Naadu is a 2023 Indian Tamil-language drama film written and directed by M. Saravanan. Produced by Narayanan Sri Arch Media and Entertainment, the film stars Tharshan and Mahima Nambiar in the lead roles. The music was composed by C. Sathya with cinematography by K. A. Sakthivel. The film was released theatrically on 1 December 2023.

== Cast ==
- Tharshan as Maari
- Mahima Nambiar as Dr. Shobana
- R. S. Shivaji in dual roles as Maari’s father and Maari's uncle
- Singampuli
- Aruldoss
- Inba Ravikumar as Yogi
- Vasantha

== Production ==
Prior to the start of production, the team engaged in a 35-day acting workshop. The film was shot throughout 2022, and Saravanan balanced post-production work on Raangi (2022), with making Naadu.
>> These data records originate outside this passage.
text \<open>Conjugating the stabilisers of Q(C_1, C_2, 0, 0) by the Pauli operator Z(y_x) X(y_z)
  only changes their signs, and exactly into those of Q(C_1, C_2, y_x, y_z); hence
  Q = Z(y_x) X(y_z) Q'.  The diagonal operator U(b) commutes with Z(y_x), while
  U(b) X(y_z) = \<omega>^{b\<cdot>y_z} X(y_z) U(b_{y_z}) because flipping the bits where y_z is 1
  replaces \<omega>^{b_i} by \<omega>^{-b_i} up to the global factor \<omega>^{b_i}.  The scalar does not move
  the subspace Q', so U(b) Q = Z(y_x) X(y_z) U(b_{y_z}) Q', and the invertible Pauli operator
  cancels from U(b) Q = Q.\<close>

lemma card_filter_less_Suc:
  "card {i. i < Suc n \<and> P i} = card {i. i < n \<and> P i} + (if P n then 1 else 0)"
proof -
  have "{i. i < Suc n \<and> P i} = {i. i < n \<and> P i} \<union> (if P n then {n} else {})"
    by (auto simp: less_Suc_eq)
  then show ?thesis
    by (auto simp: card_insert_if)
qed

lemma bdot_commute: "bdot n x y = bdot n y x"
  unfolding bdot_def by (simp add: conj_commute)

lemma bdot_bxor_right: "bdot n v (bxor x y) = (bdot n v x \<noteq> bdot n v y)"
proof (induction n)
  case 0
  then show ?case by (simp add: bdot_def)
next
  case (Suc n)
  then show ?case
    unfolding bdot_def bxor_def card_filter_less_Suc by auto
qed

lemma bdot_bxor_left: "bdot n (bxor x y) v = (bdot n x v \<noteq> bdot n y v)"
  using bdot_bxor_right by (simp add: bdot_commute)

lemma bxor_bxor_cancel [simp]: "bxor (bxor x y) y = x"
  unfolding bxor_def by auto

lemma bxor_False_left [simp]: "bxor (\<lambda>_. False) y = y"
  unfolding bxor_def by simp

lemma bxor_in_bvec_iff: "y \<in> bvec n \<Longrightarrow> bxor x y \<in> bvec n \<longleftrightarrow> x \<in> bvec n"
  unfolding bvec_def bxor_def by auto

lemma sgn_bool_square [simp]: "sgn_bool a * sgn_bool a = 1"
  unfolding sgn_bool_def by auto

lemma image_eq_if_involution:
  assumes "\<And>x. x \<in> A \<Longrightarrow> f x \<in> B" and "\<And>x. x \<in> B \<Longrightarrow> f x \<in> A"
    and "\<And>x. x \<in> B \<Longrightarrow> f (f x) = x"
  shows "f ` A = B"
  using assms by (auto intro!: image_eqI[where x = "f _"])

definition pauli_Z :: "nat \<Rightarrow> (nat \<Rightarrow> bool) \<Rightarrow> ((nat \<Rightarrow> bool) \<Rightarrow> complex) \<Rightarrow> ((nat \<Rightarrow> bool) \<Rightarrow> complex)"
  where "pauli_Z n a \<psi> = (\<lambda>y. if y \<in> bvec n then sgn_bool (bdot n a y) * \<psi> y else 0)"

definition pauli_X :: "nat \<Rightarrow> (nat \<Rightarrow> bool) \<Rightarrow> ((nat \<Rightarrow> bool) \<Rightarrow> complex) \<Rightarrow> ((nat \<Rightarrow> bool) \<Rightarrow> complex)"
  where "pauli_X n c \<psi> = (\<lambda>y. if y \<in> bvec n then \<psi> (bxor y c) else 0)"

lemma pauli_Z_in_hspace: "pauli_Z n a \<psi> \<in> hspace n"
  unfolding pauli_Z_def hspace_def by simp

lemma pauli_X_in_hspace: "pauli_X n c \<psi> \<in> hspace n"
  unfolding pauli_X_def hspace_def by simp

lemma pauli_Z_involution: "\<psi> \<in> hspace n \<Longrightarrow> pauli_Z n a (pauli_Z n a \<psi>) = \<psi>"
  unfolding pauli_Z_def hspace_def by (auto simp: mult.assoc [symmetric])

lemma pauli_X_involution: "c \<in> bvec n \<Longrightarrow> \<psi> \<in> hspace n \<Longrightarrow> pauli_X n c (pauli_X n c \<psi>) = \<psi>"
  unfolding pauli_X_def hspace_def by (auto simp: bxor_in_bvec_iff)

lemma stab_op_pauli_Z:
  assumes "u \<in> bvec n"
  shows "stab_op n yx yz u v (pauli_Z n a \<psi>) = pauli_Z n a (stab_op n (bxor yx a) yz u v \<psi>)"
  using assms unfolding stab_op_def pauli_Z_def
  by (auto simp: bxor_in_bvec_iff bdot_bxor_left bdot_bxor_right bdot_commute[of n a u]
      sgn_bool_def)

lemma stab_op_pauli_X:
  assumes "u \<in> bvec n" and "c \<in> bvec n"
  shows "stab_op n yx yz u v (pauli_X n c \<psi>) = pauli_X n c (stab_op n yx (bxor yz c) u v \<psi>)"
proof -
  have "bxor (bxor y u) c = bxor (bxor y c) u" for y
    unfolding bxor_def by auto
  then show ?thesis
    using assms unfolding stab_op_def pauli_X_def
    by (auto simp: bxor_in_bvec_iff bdot_bxor_left bdot_bxor_right bdot_commute[of n c v]
        sgn_bool_def)
qed

lemma css_code_subset_hspace: "css_code n C1 C2 yx yz \<subseteq> hspace n"
  unfolding css_code_def by auto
It became the first film to be shot at the Kollimalai mountain range.

== Soundtrack ==
The soundtrack was composed by C. Sathya in his fourth collaboration with Saravanan after Engaeyum Eppothum, Ivan Veramathiri, and Raangi.

Track listing
| No. | Title | Lyrics | Singer(s) | Length |
|---|---|---|---|---|
| 1. | "Yelelaai" | Thozhan | Suganthi | 3:45 |
| 2. | "Malainaatile" | Karthik Netha | Ananthu | 3:26 |
| 3. | "Dull Aavaadha" | Viveka | Sneha, Irfan Hyder, Vaimu | 3:12 |
| 4. | "Maavilai Maavilai Thorananga" | Viveka | Anthony Daasan | 3:48 |
| 5. | "Vandhanam Vandhanam" | M. Saravanan | Gold Devaraj, Muthu Sirpy, Nehru Samidurai, Puratchi Mani | 3:02 |
| Total length: |  |  |  | 17:13 |

== Release and reception ==
The film had a theatrical release on 1 December 2023 across Tamil Nadu. A reviewer from Times Now noted the film was sure to make the audience "question both your service to your nation and your sense of humanity". A critic from Cinema Express wrote "the melodrama in Naadu is insufferably overstated and all for a story that is flat and pretty straightforward" and that "Naadu might have its heart in the right place but the heart pumps gallons of tears instead of blood".